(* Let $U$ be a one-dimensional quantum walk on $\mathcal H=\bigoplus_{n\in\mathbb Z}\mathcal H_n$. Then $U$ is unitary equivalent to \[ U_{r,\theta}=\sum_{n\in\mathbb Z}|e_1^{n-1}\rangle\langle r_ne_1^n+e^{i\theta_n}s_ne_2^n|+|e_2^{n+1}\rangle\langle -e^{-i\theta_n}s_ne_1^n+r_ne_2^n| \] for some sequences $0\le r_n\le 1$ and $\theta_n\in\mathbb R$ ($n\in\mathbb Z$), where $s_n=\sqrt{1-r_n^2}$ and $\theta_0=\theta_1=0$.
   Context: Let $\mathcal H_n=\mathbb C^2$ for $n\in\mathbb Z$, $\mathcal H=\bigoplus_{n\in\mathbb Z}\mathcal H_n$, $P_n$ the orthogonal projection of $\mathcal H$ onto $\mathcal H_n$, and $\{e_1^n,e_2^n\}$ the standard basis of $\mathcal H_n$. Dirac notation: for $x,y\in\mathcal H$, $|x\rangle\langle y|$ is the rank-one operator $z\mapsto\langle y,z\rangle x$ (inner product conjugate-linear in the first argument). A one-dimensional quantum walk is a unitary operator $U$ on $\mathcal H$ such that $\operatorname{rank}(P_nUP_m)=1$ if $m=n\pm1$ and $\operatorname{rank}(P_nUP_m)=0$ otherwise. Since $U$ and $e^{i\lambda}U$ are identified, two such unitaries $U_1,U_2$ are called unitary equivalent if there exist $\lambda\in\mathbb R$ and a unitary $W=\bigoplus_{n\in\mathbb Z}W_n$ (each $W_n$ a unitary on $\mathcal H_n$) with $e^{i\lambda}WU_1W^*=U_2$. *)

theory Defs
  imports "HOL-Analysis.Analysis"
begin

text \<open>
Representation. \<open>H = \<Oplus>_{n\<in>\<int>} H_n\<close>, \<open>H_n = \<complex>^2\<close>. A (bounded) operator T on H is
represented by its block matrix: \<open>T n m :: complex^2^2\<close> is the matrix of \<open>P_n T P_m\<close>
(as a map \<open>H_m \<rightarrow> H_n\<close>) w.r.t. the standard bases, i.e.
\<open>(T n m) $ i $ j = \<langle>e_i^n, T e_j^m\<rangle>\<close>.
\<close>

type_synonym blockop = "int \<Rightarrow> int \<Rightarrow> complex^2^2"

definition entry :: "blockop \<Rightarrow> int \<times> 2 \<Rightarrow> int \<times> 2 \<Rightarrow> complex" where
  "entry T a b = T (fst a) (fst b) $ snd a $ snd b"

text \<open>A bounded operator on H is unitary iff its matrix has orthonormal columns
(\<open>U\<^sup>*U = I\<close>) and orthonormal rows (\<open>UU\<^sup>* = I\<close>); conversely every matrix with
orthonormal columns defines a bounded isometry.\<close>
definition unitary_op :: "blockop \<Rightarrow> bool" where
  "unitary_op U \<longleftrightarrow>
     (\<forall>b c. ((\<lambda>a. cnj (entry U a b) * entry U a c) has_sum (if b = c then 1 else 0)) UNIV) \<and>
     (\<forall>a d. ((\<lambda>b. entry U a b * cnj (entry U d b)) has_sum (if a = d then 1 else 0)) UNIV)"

=-=-=

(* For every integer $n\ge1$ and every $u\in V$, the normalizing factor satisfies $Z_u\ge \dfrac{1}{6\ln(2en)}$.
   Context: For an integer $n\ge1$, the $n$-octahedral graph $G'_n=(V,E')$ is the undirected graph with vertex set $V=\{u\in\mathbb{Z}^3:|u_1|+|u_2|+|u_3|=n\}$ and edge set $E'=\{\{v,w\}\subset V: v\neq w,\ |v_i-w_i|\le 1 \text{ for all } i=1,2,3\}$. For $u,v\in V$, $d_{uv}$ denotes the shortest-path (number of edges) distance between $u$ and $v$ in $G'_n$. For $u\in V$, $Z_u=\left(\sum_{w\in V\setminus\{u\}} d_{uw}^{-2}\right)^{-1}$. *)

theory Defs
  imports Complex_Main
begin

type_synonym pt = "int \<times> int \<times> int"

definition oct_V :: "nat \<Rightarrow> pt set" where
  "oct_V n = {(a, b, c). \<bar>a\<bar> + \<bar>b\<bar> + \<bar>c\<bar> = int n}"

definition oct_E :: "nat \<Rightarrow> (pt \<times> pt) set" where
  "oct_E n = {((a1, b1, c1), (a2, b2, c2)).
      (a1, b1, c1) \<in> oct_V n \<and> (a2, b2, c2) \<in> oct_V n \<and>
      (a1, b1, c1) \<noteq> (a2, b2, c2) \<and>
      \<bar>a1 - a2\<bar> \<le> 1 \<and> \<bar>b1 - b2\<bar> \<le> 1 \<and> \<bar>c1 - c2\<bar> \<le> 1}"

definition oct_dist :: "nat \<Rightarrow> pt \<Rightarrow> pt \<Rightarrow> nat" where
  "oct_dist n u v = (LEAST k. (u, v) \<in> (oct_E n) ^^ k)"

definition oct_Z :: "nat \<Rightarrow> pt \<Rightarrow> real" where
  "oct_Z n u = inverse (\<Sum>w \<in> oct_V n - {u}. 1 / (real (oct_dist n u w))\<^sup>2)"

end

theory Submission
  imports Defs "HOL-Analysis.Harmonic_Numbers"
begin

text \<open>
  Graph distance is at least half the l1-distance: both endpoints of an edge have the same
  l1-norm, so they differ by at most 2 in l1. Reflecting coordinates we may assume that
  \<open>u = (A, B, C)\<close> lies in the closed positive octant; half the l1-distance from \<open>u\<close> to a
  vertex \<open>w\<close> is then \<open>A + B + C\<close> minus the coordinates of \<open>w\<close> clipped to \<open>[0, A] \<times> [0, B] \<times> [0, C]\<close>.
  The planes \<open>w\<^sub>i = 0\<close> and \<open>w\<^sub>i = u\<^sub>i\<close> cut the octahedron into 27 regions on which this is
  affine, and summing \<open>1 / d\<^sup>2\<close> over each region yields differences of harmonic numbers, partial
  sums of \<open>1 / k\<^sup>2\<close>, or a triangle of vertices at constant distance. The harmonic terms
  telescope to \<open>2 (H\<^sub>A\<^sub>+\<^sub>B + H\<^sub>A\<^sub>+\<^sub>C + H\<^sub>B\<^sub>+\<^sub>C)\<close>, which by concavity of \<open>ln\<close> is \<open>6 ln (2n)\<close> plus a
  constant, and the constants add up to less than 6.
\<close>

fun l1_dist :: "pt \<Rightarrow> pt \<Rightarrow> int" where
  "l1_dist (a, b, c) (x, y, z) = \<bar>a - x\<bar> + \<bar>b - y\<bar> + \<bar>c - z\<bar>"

=-=-=

Scan the material for lines with the word "real", and copy each line you find.

▸ SOLVED EXERCISE:
definition oct_Z :: "nat \<Rightarrow> pt \<Rightarrow> real" where
  "oct_Z n u = inverse (\<Sum>w \<in> oct_V n - {u}. 1 / (real (oct_dist n u w))\<^sup>2)"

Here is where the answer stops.